(* Let $P$, $T_\Sigma$, the lattice points $b_1,\dots,b_{p+3}$ and the coefficients $a_i(q)$ be as in the context. Let $b_{i_1},b_{i_2},b_{i_3}$ be the vertices of a triangle $\sigma$ of $T_\Sigma$, listed in counterclockwise order, and let $b_{i_4}$ be a lattice point of $P$ which is not a vertex of $\sigma$. Write $b_{i_4}=b_{i_3}+m'(b_{i_1}-b_{i_3})+n'(b_{i_2}-b_{i_3})$ with $m',n'\in\mathbb{Z}$. Then $$\frac{a_{i_4}(q)\,a_{i_3}(q)^{m'+n'-1}}{a_{i_1}(q)^{m'}\,a_{i_2}(q)^{n'}}$$ is a non-constant monomial of $q$.
   Context: Let $P\subset\mathbb{R}^2$ be a convex lattice polygon with a unimodular triangulation $T_\Sigma$ (every triangle of $T_\Sigma$ has lattice vertices and area $1/2$, and the vertex set of $T_\Sigma$ is $P\cap\mathbb{Z}^2$); this encodes a smooth toric Calabi–Yau 3-fold whose fan has rays generated by $(m,n,1)$, $(m,n)\in P\cap\mathbb{Z}^2$, and 3-cones over the triangles of $T_\Sigma$. Write $P\cap\mathbb{Z}^2=\{b_1,\dots,b_{p+3}\}$, $b_i=(m_i,n_i)$, with $b_1=(1,0)$, $b_2=(0,1)$, $b_3=(0,0)$, where $\sigma_1=\{b_1,b_2,b_3\}$ is a triangle of $T_\Sigma$. Let $L=\ker(\mathbb{Z}^{p+3}\to\mathbb{Z}^3,\ e_i\mapsto(m_i,n_i,1))$ and let $D_i\in L^\vee$ be the restriction of the $i$-th coordinate functional. For a triangle $\sigma$ of $T_\Sigma$ let $I'_\sigma$ be the set of indices of its vertices; then $\{D_j:j\notin I'_\sigma\}$ is a basis of $L^\vee\otimes\mathbb{Q}$. Fix $H_1,\dots,H_p\in L^\vee\otimes\mathbb{Q}$ (nef classes) such that for every triangle $\sigma$, $H_k=\sum_{j\notin I'_\sigma}s^\sigma_{k,j}D_j$ with all $s^\sigma_{k,j}\in\mathbb{Z}_{\ge0}$ and the matrix $(s^\sigma_{k,j})$ nondegenerate. For $q\in(\mathbb{C}^* )^p$ put $a_i(q)=1$ for $i=1,2,3$ and $a_i(q)=\prod_{k=1}^p q_k^{s^{\sigma_1}_{k,i}}$ for $i\ge4$; the mirror curve is $\{H=0\}\subset(\mathbb{C}^* )^2$ with $H(X,Y,q)=\sum_{i=1}^{p+3}a_i(q)X^{m_i}Y^{n_i}$. A non-constant monomial of $q$ means $\prod_k q_k^{e_k}$ with $e_k\in\mathbb{Z}_{\ge0}$ not all zero. *)

theory Defs
  imports "HOL-Analysis.Analysis"
begin

text \<open>Lattice points are indexed by 1..N with N = p+3; b i = (m_i, n_i).\<close>

definition rpt :: "int \<times> int \<Rightarrow> real \<times> real" where
  "rpt x = (real_of_int (fst x), real_of_int (snd x))"

definition det2 :: "int \<times> int \<Rightarrow> int \<times> int \<Rightarrow> int" where
  "det2 u v = fst u * snd v - snd u * fst v"

definition vsub :: "int \<times> int \<Rightarrow> int \<times> int \<Rightarrow> int \<times> int" where
  "vsub u v = (fst u - fst v, snd u - snd v)"

definition convex_lattice_polygon :: "(real \<times> real) set \<Rightarrow> bool" where
  "convex_lattice_polygon P \<longleftrightarrow>
     (\<exists>S :: (int \<times> int) set. finite S \<and> P = convex hull (rpt ` S)) \<and> interior P \<noteq> {}"

definition tri :: "(nat \<Rightarrow> int \<times> int) \<Rightarrow> nat set \<Rightarrow> (real \<times> real) set" where
  "tri b \<sigma> = convex hull (rpt ` b ` \<sigma>)"

definition unimodular_triangulation ::
  "(real \<times> real) set \<Rightarrow> nat \<Rightarrow> (nat \<Rightarrow> int \<times> int) \<Rightarrow> nat set set \<Rightarrow> bool" where
  "unimodular_triangulation P N b T \<longleftrightarrow>
     finite T \<and>
     (\<forall>\<sigma>\<in>T. \<sigma> \<subseteq> {1..N} \<and> card \<sigma> = 3 \<and>
        (\<forall>i\<in>\<sigma>. \<forall>j\<in>\<sigma>. \<forall>k\<in>\<sigma>. i \<noteq> j \<and> j \<noteq> k \<and> i \<noteq> k \<longrightarrow>
            \<bar>det2 (vsub (b j) (b i)) (vsub (b k) (b i))\<bar> = 1)) \<and>
     \<Union>T = {1..N} \<and>
     (\<Union>\<sigma>\<in>T. tri b \<sigma>) = P \<and>
     (\<forall>\<sigma>\<in>T. \<forall>\<tau>\<in>T. tri b \<sigma> \<inter> tri b \<tau> = tri b (\<sigma> \<inter> \<tau>))"

text \<open>The lattice L = ker(Z^N -> Z^3, e_i |-> (m_i, n_i, 1)), vectors supported on 1..N.\<close>
definition latL :: "nat \<Rightarrow> (nat \<Rightarrow> int \<times> int) \<Rightarrow> (nat \<Rightarrow> int) set" where
  "latL N b = {l. (\<forall>i. i \<notin> {1..N} \<longrightarrow> l i = 0) \<and>
       (\<Sum>i\<in>{1..N}. l i * fst (b i)) = 0 \<and>
       (\<Sum>i\<in>{1..N}. l i * snd (b i)) = 0 \<and>
       (\<Sum>i\<in>{1..N}. l i) = 0}"

text \<open>Element of L^dual (x) Q given by coefficients c: sum_i c_i D_i, as functional on L.\<close>
definition Dcomb :: "nat \<Rightarrow> (nat \<Rightarrow> rat) \<Rightarrow> (nat \<Rightarrow> int) \<Rightarrow> rat" where
  "Dcomb N c l = (\<Sum>i\<in>{1..N}. c i * of_int (l i))"

text \<open>Admissible data: H k (k = 1..p) given by coefficient vectors (H_k = sum_i H k i D_i);
  for every triangle sigma, H_k = sum_{j not in sigma} s sigma k j D_j with s in Z_{>=0}
  (natural numbers) and the p x p matrix (s sigma k j)_{k in 1..p, j notin sigma} nondegenerate.\<close>
definition nef_data ::
  "nat \<Rightarrow> (nat \<Rightarrow> int \<times> int) \<Rightarrow> nat set set \<Rightarrow> (nat \<Rightarrow> nat \<Rightarrow> rat)
     \<Rightarrow> (nat set \<Rightarrow> nat \<Rightarrow> nat \<Rightarrow> nat) \<Rightarrow> bool" where
  "nef_data p b T H s \<longleftrightarrow>
     (\<forall>\<sigma>\<in>T. \<forall>k\<in>{1..p}. \<forall>l\<in>latL (p+3) b.
        Dcomb (p+3) (H k) l =
        Dcomb (p+3) (\<lambda>j. if j \<in> \<sigma> then 0 else of_nat (s \<sigma> k j)) l) \<and>
     (\<forall>\<sigma>\<in>T. \<forall>c :: nat \<Rightarrow> rat.
        (\<forall>j\<in>{1..p+3} - \<sigma>. (\<Sum>k\<in>{1..p}. c k * of_nat (s \<sigma> k j)) = 0)
          \<longrightarrow> (\<forall>k\<in>{1..p}. c k = 0))"

text \<open>Mirror curve coefficients a_i(q), sigma_1 = {1,2,3}.\<close>
definition acoef :: "nat \<Rightarrow> (nat set \<Rightarrow> nat \<Rightarrow> nat \<Rightarrow> nat) \<Rightarrow> nat \<Rightarrow> (nat \<Rightarrow> complex) \<Rightarrow> complex" where
  "acoef p s i q = (if i \<in> {1,2,3} then 1 else (\<Prod>k\<in>{1..p}. q k ^ s {1,2,3} k i))"

end

theory Submission
  imports Defs "Jordan_Normal_Form.Determinant"
begin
- - - - -
= ASSIGNMENT =
Please copy the lines above from the line with "fst u * snd" up to and including the line with "real) set \<Rightarrow> nat", exactly as written and with nothing else.

= ANSWER TO THIS PROBLEM =
  "det2 u v = fst u * snd v - snd u * fst v"

definition vsub :: "int \<times> int \<Rightarrow> int \<times> int \<Rightarrow> int \<times> int" where
  "vsub u v = (fst u - fst v, snd u - snd v)"

definition convex_lattice_polygon :: "(real \<times> real) set \<Rightarrow> bool" where
  "convex_lattice_polygon P \<longleftrightarrow>
     (\<exists>S :: (int \<times> int) set. finite S \<and> P = convex hull (rpt ` S)) \<and> interior P \<noteq> {}"

definition tri :: "(nat \<Rightarrow> int \<times> int) \<Rightarrow> nat set \<Rightarrow> (real \<times> real) set" where
  "tri b \<sigma> = convex hull (rpt ` b ` \<sigma>)"

definition unimodular_triangulation ::
  "(real \<times> real) set \<Rightarrow> nat \<Rightarrow> (nat \<Rightarrow> int \<times> int) \<Rightarrow> nat set set \<Rightarrow> bool" where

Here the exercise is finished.